##### Provided information #####
lemma b_fold_colorable_card:
  assumes "finite V" "\<And>v. v \<in> V \<Longrightarrow> \<not> E v v"
  shows "b_fold_colorable V E b (card V * b)"
proof -
  have "b_fold_colorable V E b (card (V \<times> {..<b}))"
    by (rule b_fold_colorable_by_colour_set[where c = "\<lambda>v. {v} \<times> {..<b}"])
      (use assms in \<open>auto simp: card_cartesian_product\<close>)
  then show ?thesis by (simp add: card_cartesian_product)
qed

lemma b_fold_colorable_chromatic:
  assumes "finite V" "\<And>v. v \<in> V \<Longrightarrow> \<not> E v v"
  shows "b_fold_colorable V E b (b_fold_chromatic V E b)"
  unfolding b_fold_chromatic_def by (rule LeastI, rule b_fold_colorable_card[OF assms])

lemma b_fold_chromatic_le:
  "b_fold_colorable V E b k \<Longrightarrow> b_fold_chromatic V E b \<le> k"
  unfolding b_fold_chromatic_def by (rule Least_le)

lemma bdd_below_b_fold_ratios:
  "bdd_below ((\<lambda>b. real (b_fold_chromatic V E b) / real b) ` {b::nat. b \<ge> 1})"
  by (rule bdd_belowI[of _ 0]) auto

lemma frac_chromatic_le:
  assumes "b_fold_colorable V E b k" "b \<ge> 1"
  shows "frac_chromatic V E \<le> real k / real b"
proof -
  have "frac_chromatic V E \<le> real (b_fold_chromatic V E b) / real b"
    unfolding frac_chromatic_def
    by (rule cINF_lower[OF bdd_below_b_fold_ratios]) (use assms in auto)
  also have "\<dots> \<le> real k / real b"
    using b_fold_chromatic_le[OF assms(1)] by (simp add: divide_right_mono)
  finally show ?thesis .
qed

lemma b_fold_colorable_le:
  assumes "b_fold_colorable V E b k" "v \<in> V"
  shows "b \<le> k"
proof -
  obtain c where "c v \<subseteq> {..<k}" "card (c v) = b"
    using assms unfolding b_fold_colorable_def by blast
  then show ?thesis by (metis card_lessThan card_mono finite_lessThan)
qed

lemma b_fold_colorable_edge:
  assumes "b_fold_colorable V E b k" "u \<in> V" "v \<in> V" "E u v"
  shows "2 * b \<le> k"
proof -
  obtain c where c: "\<forall>v\<in>V. c v \<subseteq> {..<k} \<and> card (c v) = b"
     "\<forall>u\<in>V. \<forall>v\<in>V. E u v \<longrightarrow> c u \<inter> c v = {}"
    using assms(1) unfolding b_fold_colorable_def by blast
  have "card (c u \<union> c v) = b + b"
    using c assms by (subst card_Un_disjoint) (auto intro: finite_subset)
  moreover have "card (c u \<union> c v) \<le> k"
    using c assms by (metis Un_subset_iff card_lessThan card_mono finite_lessThan)
  ultimately show ?thesis by simp
qed

lemma frac_chromatic_ge_2:
  assumes "finite V" "\<And>v. v \<in> V \<Longrightarrow> \<not> E v v" "u \<in> V" "v \<in> V" "E u v"
  shows "frac_chromatic V E \<ge> 2"
  unfolding frac_chromatic_def
proof (rule cINF_greatest)
  fix b :: nat assume "b \<in> {b. b \<ge> 1}"
  moreover have "2 * b \<le> b_fold_chromatic V E b"
    using b_fold_colorable_edge[OF b_fold_colorable_chromatic[OF assms(1,2)] assms(3-5)] .
  ultimately show "2 \<le> real (b_fold_chromatic V E b) / real b"
    by (simp add: field_simps)
qed auto

lemma exists_colour_in_many_sets:
  fixes c :: "'v \<Rightarrow> 'c set"
  assumes "finite W" "finite Col" "Col \<noteq> {}" "\<And>v. v \<in> W \<Longrightarrow> c v \<subseteq> Col \<and> card (c v) = B"
  shows "\<exists>a\<in>Col. real B * real (card W) \<le> real (card {v\<in>W. a \<in> c v}) * real (card Col)"
proof (rule ccontr)
  assume "\<not> ?thesis"
  then have lt: "\<And>a. a \<in> Col \<Longrightarrow>
      real (card {v\<in>W. a \<in> c v}) * real (card Col) < real B * real (card W)"
    by force
  have "(\<Sum>a\<in>Col. card {v\<in>W. a \<in> c v})
      = (\<Sum>a\<in>Col. \<Sum>v\<in>W. if a \<in> c v then 1 else (0::nat))"
    using assms(1) by (simp add: sum.If_cases Int_def)
  also have "\<dots> = (\<Sum>v\<in>W. \<Sum>a\<in>Col. if a \<in> c v then 1 else (0::nat))"
    by (rule sum.swap)
  also have "\<dots> = (\<Sum>v\<in>W. card (c v))"
  proof (rule sum.cong[OF refl])
    fix v assume "v \<in> W"
    then have "Col \<inter> {a. a \<in> c v} = c v" using assms(4) by blast
    then show "(\<Sum>a\<in>Col. if a \<in> c v then 1 else (0::nat)) = card (c v)"
      using assms(2) by (simp add: sum.If_cases)
  qed
  also have "\<dots> = B * card W" using assms(4) by simp
  finally have count: "(\<Sum>a\<in>Col. card {v\<in>W. a \<in> c v}) = B * card W" .
  have "(\<Sum>a\<in>Col. real (card {v\<in>W. a \<in> c v}) * real (card Col))
      < (\<Sum>a\<in>Col. real B * real (card W))"
    by (rule sum_strict_mono[OF assms(2,3) lt])
  then have "real (\<Sum>a\<in>Col. card {v\<in>W. a \<in> c v}) * real (card Col)
      < real (card Col) * (real B * real (card W))"
    by (simp add: sum_distrib_right)
  then show False unfolding count by simp
qed

lemma greedy_cover_iterate:
  fixes c :: "'v \<Rightarrow> 'c set"
  assumes "finite W" "finite Col" "Col \<noteq> {}" "\<And>v. v \<in> W \<Longrightarrow> c v \<subseteq> Col \<and> card (c v) = B"
    and "B \<le> card Col"
  shows "\<exists>S\<subseteq>Col. card S \<le> s \<and>
     real (card {v\<in>W. c v \<inter> S = {}}) \<le> (1 - real B / real (card Col)) ^ s * real (card W)"
proof (induction s)
  case 0
  show ?case by (rule exI[of _ "{}"]) (auto intro: card_mono assms(1))
next
  case (Suc s)
  let ?p = "real B / real (card Col)"
  obtain S where S: "S \<subseteq> Col" "card S \<le> s"
    "real (card {v\<in>W. c v \<inter> S = {}}) \<le> (1 - ?p) ^ s * real (card W)"
    using Suc.IH by blast
  define W' where "W' = {v\<in>W. c v \<inter> S = {}}"
  have fW': "finite W'" using assms(1) by (simp add: W'_def)
  obtain a where a: "a \<in> Col"
    "real B * real (card W') \<le> real (card {v\<in>W'. a \<in> c v}) * real (card Col)"
    using exists_colour_in_many_sets[of W' Col c B] fW' assms(2-4) by (auto simp: W'_def)
  have Col_pos: "real (card Col) > 0" using assms(2,3) by (simp add: card_gt_0_iff)
  have "{v\<in>W. c v \<inter> insert a S = {}} = W' - {v\<in>W'. a \<in> c v}" by (auto simp: W'_def)
  then have "real (card {v\<in>W. c v \<inter> insert a S = {}})
      = real (card W') - real (card {v\<in>W'. a \<in> c v})"
    using fW' by (simp add: card_Diff_subset card_mono of_nat_diff)
  also have "\<dots> \<le> (1 - ?p) * real (card W')"
    using a(2) Col_pos by (simp add: field_simps)
  also have "\<dots> \<le> (1 - ?p) * ((1 - ?p) ^ s * real (card W))"
    using S(3) assms(5) Col_pos by (intro mult_left_mono) (auto simp: W'_def divide_le_eq)
  finally have "real (card {v\<in>W. c v \<inter> insert a S = {}}) \<le> (1 - ?p) ^ Suc s * real (card W)"
    by simp
  moreover have "card (insert a S) \<le> Suc s"
    using S(1,2) assms(2) by (metis card_insert_le_m1 diff_Suc_1 finite_subset le_SucI zero_less_Suc)
  ultimately show ?case using S(1) a(1) by (intro exI[of _ "insert a S"]) auto
qed

lemma one_minus_power_le_half:
  fixes p :: real and m :: nat
  assumes "0 \<le> p" "p \<le> 1" "p * m \<ge> 1"
  shows "(1 - p) ^ m \<le> 1/2"
proof -
  have "1 + m * p \<le> (1 + p) ^ m" using Bernoulli_inequality[of p m] assms by simp
  then have "2 \<le> (1 + p) ^ m" using assms by (simp add: mult.commute)
  moreover have "((1 - p) * (1 + p)) ^ m \<le> 1"
    using assms by (intro power_le_one) (auto simp: algebra_simps intro: mult_le_one)
  then have "(1 - p) ^ m * (1 + p) ^ m \<le> 1" by (simp add: power_mult_distrib)
  ultimately have "(1 - p) ^ m * 2 \<le> 1"
    using assms by (meson dual_order.trans mult_left_mono zero_le_power diff_ge_0_iff_ge)
  then show ?thesis by simp
qed

lemma greedy_cover_halving:
  fixes c :: "'v \<Rightarrow> 'c set"
  assumes "finite W" "finite Col" "Col \<noteq> {}" "\<And>v. v \<in> W \<Longrightarrow> c v \<subseteq> Col \<and> card (c v) = B"
    and "B \<ge> 1" "B \<le> card Col"
  shows "\<exists>S\<subseteq>Col. card S \<le> nat \<lceil>real (card Col) / real B\<rceil> \<and>
     2 * card {v\<in>W. c v \<inter> S = {}} \<le> card W"
proof -
  let ?m = "nat \<lceil>real (card Col) / real B\<rceil>"
  let ?p = "real B / real (card Col)"
  have Col_pos: "real (card Col) > 0" using assms(2,3) by (simp add: card_gt_0_iff)
  obtain S where S: "S \<subseteq> Col" "card S \<le> ?m"
     "real (card {v\<in>W. c v \<inter> S = {}}) \<le> (1 - ?p) ^ ?m * real (card W)"
    using greedy_cover_iterate[where c = c and s = ?m, OF assms(1-4,6)] by blast
  have B_pos: "real B > 0" using assms(5) by simp
  have "real (card Col) / real B \<le> real ?m" by (rule real_nat_ceiling_ge)
  then have "real (card Col) \<le> real ?m * real B"
    by (simp only: pos_divide_le_eq[OF B_pos])
  then have "?p * ?m \<ge> 1" using Col_pos by (simp add: field_simps)
  then have "(1 - ?p) ^ ?m \<le> 1/2"
    using one_minus_power_le_half[of ?p ?m] Col_pos assms(6) by simp
  then have "(1 - ?p) ^ ?m * real (card W) \<le> 1/2 * real (card W)"
    by (rule mult_right_mono) simp
  then have "real (2 * card {v\<in>W. c v \<inter> S = {}}) \<le> real (card W)"
    using S(3) by simp
  then have "2 * card {v\<in>W. c v \<inter> S = {}} \<le> card W"
    by (simp only: of_nat_le_iff)
  with S(1,2) show ?thesis by blast
qed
#####
Search the data above for the string "lceil" and copy each line that has it.

Output:
  shows "\<exists>S\<subseteq>Col. card S \<le> nat \<lceil>real (card Col) / real B\<rceil> \<and>
  let ?m = "nat \<lceil>real (card Col) / real B\<rceil>"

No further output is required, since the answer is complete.